- _What to work on_:
In the entries below, find every line with "lambda" and copy it.

(Provided records begins)

(* There are computable functions $f$ and $g$ such that for every mixed graph $G$ without directed cycles, $\chi(G)\le f(\mathrm{tw}(G^+))$ and $\chi(G)\le g(\mathrm{td}(G))$. Moreover, for every such $G$, $\chi(G)\le 2\,\mathrm{vc}(G)+1$.
   Context: A mixed graph $G$ consists of a finite vertex set $V(G)$, a set $E(G)$ of undirected edges and a set $A(G)$ of directed arcs; it is simple and contains no directed cycle. A $k$-coloring $c\colon V(G)\to\{1,\dots,k\}$ is proper if $c(u)\neq c(v)$ for every edge $\{u,v\}$ and $c(u)<c(v)$ for every arc $(u,v)$; $\chi(G)$ is the minimum such $k$. The transitive closure $G^+$ is obtained from $G$ by adding every arc $(u,v)$ such that $G$ has a directed path from $u$ to $v$, and removing any edge parallel to such an arc. $\mathrm{tw}$, $\mathrm{td}$, $\mathrm{vc}$ denote the treewidth, treedepth, and vertex cover number of the underlying undirected graph (every arc replaced by an edge); $\mathrm{tw}(G^+)$ is the treewidth of the underlying undirected graph of $G^+$. *)

theory Defs
  imports Main
begin

text \<open>The class of total recursive functions: closure of zero, successor and
projections under composition, primitive recursion and regular minimization.
recfn n h means h (viewed on argument lists of length n) is total recursive.\<close>

inductive recfn :: "nat \<Rightarrow> (nat list \<Rightarrow> nat) \<Rightarrow> bool" where
  rf_zero: "recfn n (\<lambda>xs. 0)"
| rf_succ: "recfn 1 (\<lambda>xs. Suc (hd xs))"
| rf_proj: "i < n \<Longrightarrow> recfn n (\<lambda>xs. xs ! i)"
| rf_comp: "recfn m g \<Longrightarrow> length fs = m \<Longrightarrow> (\<forall>f\<in>set fs. recfn n f) \<Longrightarrow>
            recfn n (\<lambda>xs. g (map (\<lambda>f. f xs) fs))"
| rf_prim: "recfn n g \<Longrightarrow> recfn (Suc (Suc n)) h \<Longrightarrow>
            recfn (Suc n) (\<lambda>xs. rec_nat (g (tl xs)) (\<lambda>k r. h (r # k # tl xs)) (hd xs))"
| rf_mu: "recfn (Suc n) g \<Longrightarrow> (\<forall>xs. length xs = n \<longrightarrow> (\<exists>y. g (y # xs) = 0)) \<Longrightarrow>
          recfn n (\<lambda>xs. LEAST y. g (y # xs) = 0)"

definition computable :: "(nat \<Rightarrow> nat) \<Rightarrow> bool" where
  "computable f \<longleftrightarrow> (\<exists>h. recfn 1 h \<and> (\<forall>x. f x = h [x]))"

definition mixed_graph :: "nat set \<Rightarrow> nat set set \<Rightarrow> (nat \<times> nat) set \<Rightarrow> bool" where
  "mixed_graph V E A \<longleftrightarrow>
     finite V \<and>
     (\<forall>e\<in>E. \<exists>u v. e = {u, v} \<and> u \<noteq> v \<and> u \<in> V \<and> v \<in> V) \<and>
     A \<subseteq> V \<times> V \<and> (\<forall>v. (v, v) \<notin> A) \<and>
     (\<forall>u v. (u, v) \<in> A \<longrightarrow> {u, v} \<notin> E) \<and>
     acyclic A"

definition proper_coloring :: "nat set \<Rightarrow> nat set set \<Rightarrow> (nat \<times> nat) set \<Rightarrow> nat \<Rightarrow> (nat \<Rightarrow> nat) \<Rightarrow> bool" where
  "proper_coloring V E A k c \<longleftrightarrow>
     (\<forall>v\<in>V. c v \<in> {1..k}) \<and>
     (\<forall>u v. {u, v} \<in> E \<longrightarrow> c u \<noteq> c v) \<and>
     (\<forall>u v. (u, v) \<in> A \<longrightarrow> c u < c v)"

definition chromatic_number :: "nat set \<Rightarrow> nat set set \<Rightarrow> (nat \<times> nat) set \<Rightarrow> nat" where
  "chromatic_number V E A = (LEAST k. \<exists>c. proper_coloring V E A k c)"

text \<open>Transitive closure G^+: arcs A^+, edges parallel to new arcs removed.\<close>

definition closure_edges :: "nat set set \<Rightarrow> (nat \<times> nat) set \<Rightarrow> nat set set" where
  "closure_edges E A = {e \<in> E. \<not> (\<exists>u v. e = {u, v} \<and> (u, v) \<in> A\<^sup>+)}"

definition closure_arcs :: "(nat \<times> nat) set \<Rightarrow> (nat \<times> nat) set" where
  "closure_arcs A = A\<^sup>+"

definition underlying :: "nat set set \<Rightarrow> (nat \<times> nat) set \<Rightarrow> nat set set" where
  "underlying E A = E \<union> {{u, v} | u v. (u, v) \<in> A}"

definition adj_in :: "nat set set \<Rightarrow> nat set \<Rightarrow> (nat \<times> nat) set" where
  "adj_in E S = {(x, y). x \<in> S \<and> y \<in> S \<and> {x, y} \<in> E}"

definition connected_in :: "nat set set \<Rightarrow> nat set \<Rightarrow> bool" where
  "connected_in E S \<longleftrightarrow> S \<noteq> {} \<and> (\<forall>u\<in>S. \<forall>v\<in>S. (u, v) \<in> (adj_in E S)\<^sup>*)"

definition tree_graph :: "nat set \<Rightarrow> nat set set \<Rightarrow> bool" where
  "tree_graph T TE \<longleftrightarrow>
     finite T \<and>
     (\<forall>e\<in>TE. \<exists>u v. e = {u, v} \<and> u \<noteq> v \<and> u \<in> T \<and> v \<in> T) \<and>
     connected_in TE T \<and>
     \<not> (\<exists>cs. 3 \<le> length cs \<and> distinct cs \<and> set cs \<subseteq> T \<and>
            (\<forall>i < length cs. {cs ! i, cs ! ((i + 1) mod length cs)} \<in> TE))"

definition tree_decomposition ::
  "nat set \<Rightarrow> nat set set \<Rightarrow> nat set \<Rightarrow> nat set set \<Rightarrow> (nat \<Rightarrow> nat set) \<Rightarrow> bool" where
  "tree_decomposition V E T TE B \<longleftrightarrow>
     tree_graph T TE \<and>
     (\<forall>t\<in>T. B t \<subseteq> V) \<and>
     (\<forall>v\<in>V. \<exists>t\<in>T. v \<in> B t) \<and>
     (\<forall>e\<in>E. \<exists>t\<in>T. e \<subseteq> B t) \<and>
     (\<forall>v\<in>V. connected_in TE {t \<in> T. v \<in> B t})"

definition decomposition_width :: "nat set \<Rightarrow> (nat \<Rightarrow> nat set) \<Rightarrow> nat" where
  "decomposition_width T B = Max ((\<lambda>t. card (B t)) ` T) - 1"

(Provided records ends)

- _Solution below_:
  rf_zero: "recfn n (\<lambda>xs. 0)"
| rf_succ: "recfn 1 (\<lambda>xs. Suc (hd xs))"
| rf_proj: "i < n \<Longrightarrow> recfn n (\<lambda>xs. xs ! i)"
            recfn n (\<lambda>xs. g (map (\<lambda>f. f xs) fs))"
            recfn (Suc n) (\<lambda>xs. rec_nat (g (tl xs)) (\<lambda>k r. h (r # k # tl xs)) (hd xs))"
          recfn n (\<lambda>xs. LEAST y. g (y # xs) = 0)"
  "decomposition_width T B = Max ((\<lambda>t. card (B t)) ` T) - 1"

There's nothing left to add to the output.